(Stored data)

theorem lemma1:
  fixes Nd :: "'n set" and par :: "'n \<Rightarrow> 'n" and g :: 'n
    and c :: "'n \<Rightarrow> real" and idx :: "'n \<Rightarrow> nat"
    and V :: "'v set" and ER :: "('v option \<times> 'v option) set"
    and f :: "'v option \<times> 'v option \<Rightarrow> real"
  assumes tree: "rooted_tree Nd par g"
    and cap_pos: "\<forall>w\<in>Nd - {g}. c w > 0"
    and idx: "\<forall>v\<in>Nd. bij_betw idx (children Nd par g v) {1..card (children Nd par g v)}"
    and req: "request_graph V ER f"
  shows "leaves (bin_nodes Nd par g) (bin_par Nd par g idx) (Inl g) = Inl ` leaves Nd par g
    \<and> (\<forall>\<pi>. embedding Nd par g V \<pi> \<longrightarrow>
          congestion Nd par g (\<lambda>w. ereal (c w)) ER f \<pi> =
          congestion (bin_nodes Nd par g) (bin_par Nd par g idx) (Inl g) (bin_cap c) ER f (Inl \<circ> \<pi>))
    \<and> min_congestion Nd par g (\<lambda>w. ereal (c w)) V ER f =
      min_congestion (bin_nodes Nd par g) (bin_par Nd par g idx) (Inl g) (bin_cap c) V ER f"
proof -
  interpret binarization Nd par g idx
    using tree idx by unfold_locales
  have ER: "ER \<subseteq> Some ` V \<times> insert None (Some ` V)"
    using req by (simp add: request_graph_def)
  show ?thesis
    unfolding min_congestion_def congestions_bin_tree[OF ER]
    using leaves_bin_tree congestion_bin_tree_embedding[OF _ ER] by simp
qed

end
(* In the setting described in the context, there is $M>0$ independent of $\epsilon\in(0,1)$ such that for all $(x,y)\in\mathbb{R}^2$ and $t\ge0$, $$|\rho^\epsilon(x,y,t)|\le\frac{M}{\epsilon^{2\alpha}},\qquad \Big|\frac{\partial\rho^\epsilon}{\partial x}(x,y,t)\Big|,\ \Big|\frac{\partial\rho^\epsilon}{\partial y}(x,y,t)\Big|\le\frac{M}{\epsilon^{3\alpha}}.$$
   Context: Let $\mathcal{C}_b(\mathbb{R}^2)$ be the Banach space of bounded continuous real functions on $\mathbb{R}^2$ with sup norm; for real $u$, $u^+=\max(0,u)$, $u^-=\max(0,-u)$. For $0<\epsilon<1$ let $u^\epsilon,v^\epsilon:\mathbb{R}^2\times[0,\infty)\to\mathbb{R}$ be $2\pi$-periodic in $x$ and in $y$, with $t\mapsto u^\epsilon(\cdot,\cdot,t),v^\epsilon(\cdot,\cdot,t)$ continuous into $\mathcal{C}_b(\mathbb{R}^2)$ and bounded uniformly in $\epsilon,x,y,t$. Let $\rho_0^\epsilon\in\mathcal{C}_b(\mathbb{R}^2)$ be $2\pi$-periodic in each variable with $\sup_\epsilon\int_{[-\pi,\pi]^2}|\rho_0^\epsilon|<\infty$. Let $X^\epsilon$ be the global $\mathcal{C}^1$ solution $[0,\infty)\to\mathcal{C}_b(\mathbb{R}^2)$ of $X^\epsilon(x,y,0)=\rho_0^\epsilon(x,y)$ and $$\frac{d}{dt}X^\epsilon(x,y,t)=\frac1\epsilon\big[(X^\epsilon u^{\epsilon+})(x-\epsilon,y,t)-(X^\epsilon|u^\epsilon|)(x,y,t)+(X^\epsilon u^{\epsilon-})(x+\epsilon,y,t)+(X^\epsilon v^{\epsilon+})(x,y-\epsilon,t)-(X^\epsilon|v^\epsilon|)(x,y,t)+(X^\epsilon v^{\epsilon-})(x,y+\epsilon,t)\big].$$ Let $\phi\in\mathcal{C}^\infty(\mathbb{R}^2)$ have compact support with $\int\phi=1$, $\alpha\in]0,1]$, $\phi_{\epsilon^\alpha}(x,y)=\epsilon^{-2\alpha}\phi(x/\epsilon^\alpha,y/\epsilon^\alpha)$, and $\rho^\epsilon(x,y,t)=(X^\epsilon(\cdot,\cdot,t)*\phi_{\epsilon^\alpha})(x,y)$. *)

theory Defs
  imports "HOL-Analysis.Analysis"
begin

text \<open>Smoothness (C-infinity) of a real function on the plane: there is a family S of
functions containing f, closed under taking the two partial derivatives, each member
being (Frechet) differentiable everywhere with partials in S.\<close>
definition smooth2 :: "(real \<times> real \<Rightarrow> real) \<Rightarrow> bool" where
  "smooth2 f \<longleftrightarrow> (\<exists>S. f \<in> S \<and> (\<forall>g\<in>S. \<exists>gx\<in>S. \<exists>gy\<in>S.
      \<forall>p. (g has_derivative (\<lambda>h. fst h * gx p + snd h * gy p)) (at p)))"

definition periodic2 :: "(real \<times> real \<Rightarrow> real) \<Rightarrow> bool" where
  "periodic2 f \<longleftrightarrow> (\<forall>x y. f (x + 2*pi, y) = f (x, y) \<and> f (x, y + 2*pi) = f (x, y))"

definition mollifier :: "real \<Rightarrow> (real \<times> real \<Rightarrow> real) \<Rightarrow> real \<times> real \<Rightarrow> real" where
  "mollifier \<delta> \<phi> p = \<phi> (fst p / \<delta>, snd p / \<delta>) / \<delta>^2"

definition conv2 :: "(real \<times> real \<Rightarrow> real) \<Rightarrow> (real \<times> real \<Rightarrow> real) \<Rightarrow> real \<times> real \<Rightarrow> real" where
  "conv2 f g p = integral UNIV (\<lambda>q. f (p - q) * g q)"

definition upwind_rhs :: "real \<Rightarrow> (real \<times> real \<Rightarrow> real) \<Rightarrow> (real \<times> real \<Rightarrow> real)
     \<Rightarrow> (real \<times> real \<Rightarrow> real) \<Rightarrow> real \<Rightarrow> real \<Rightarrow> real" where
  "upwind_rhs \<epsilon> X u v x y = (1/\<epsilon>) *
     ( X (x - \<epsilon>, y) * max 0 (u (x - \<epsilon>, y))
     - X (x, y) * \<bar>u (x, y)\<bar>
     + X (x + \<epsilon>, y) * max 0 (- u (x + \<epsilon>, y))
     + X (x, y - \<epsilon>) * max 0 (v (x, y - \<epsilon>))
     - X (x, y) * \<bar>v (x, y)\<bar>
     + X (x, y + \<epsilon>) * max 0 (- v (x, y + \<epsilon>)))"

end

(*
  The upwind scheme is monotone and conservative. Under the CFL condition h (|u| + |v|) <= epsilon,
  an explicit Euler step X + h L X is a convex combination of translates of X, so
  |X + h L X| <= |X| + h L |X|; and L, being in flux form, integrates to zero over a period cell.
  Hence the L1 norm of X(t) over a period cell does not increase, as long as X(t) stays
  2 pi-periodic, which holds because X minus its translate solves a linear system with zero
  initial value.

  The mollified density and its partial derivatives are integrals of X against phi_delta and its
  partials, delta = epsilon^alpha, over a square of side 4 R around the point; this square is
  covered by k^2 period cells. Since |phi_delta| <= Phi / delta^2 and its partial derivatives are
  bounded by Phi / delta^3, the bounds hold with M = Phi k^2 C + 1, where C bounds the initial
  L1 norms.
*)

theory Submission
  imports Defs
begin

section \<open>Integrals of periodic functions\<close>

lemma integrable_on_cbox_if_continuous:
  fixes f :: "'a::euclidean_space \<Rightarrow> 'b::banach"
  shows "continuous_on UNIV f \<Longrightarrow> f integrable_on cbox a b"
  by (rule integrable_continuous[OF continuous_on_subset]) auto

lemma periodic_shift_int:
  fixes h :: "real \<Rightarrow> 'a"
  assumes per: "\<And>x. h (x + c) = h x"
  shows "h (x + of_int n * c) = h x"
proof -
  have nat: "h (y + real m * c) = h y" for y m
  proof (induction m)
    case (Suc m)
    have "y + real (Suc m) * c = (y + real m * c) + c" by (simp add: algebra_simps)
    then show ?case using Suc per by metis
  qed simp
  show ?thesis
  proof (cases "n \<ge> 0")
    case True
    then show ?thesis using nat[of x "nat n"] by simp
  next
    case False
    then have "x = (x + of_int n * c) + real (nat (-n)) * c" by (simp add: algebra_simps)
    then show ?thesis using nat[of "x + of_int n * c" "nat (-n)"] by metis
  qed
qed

EXERCISE BRIEF
Using the records above, pull out each line where the word "derivatives" occurs.

TASK SOLUTION
functions containing f, closed under taking the two partial derivatives, each member
  The mollified density and its partial derivatives are integrals of X against phi_delta and its
  covered by k^2 period cells. Since |phi_delta| <= Phi / delta^2 and its partial derivatives are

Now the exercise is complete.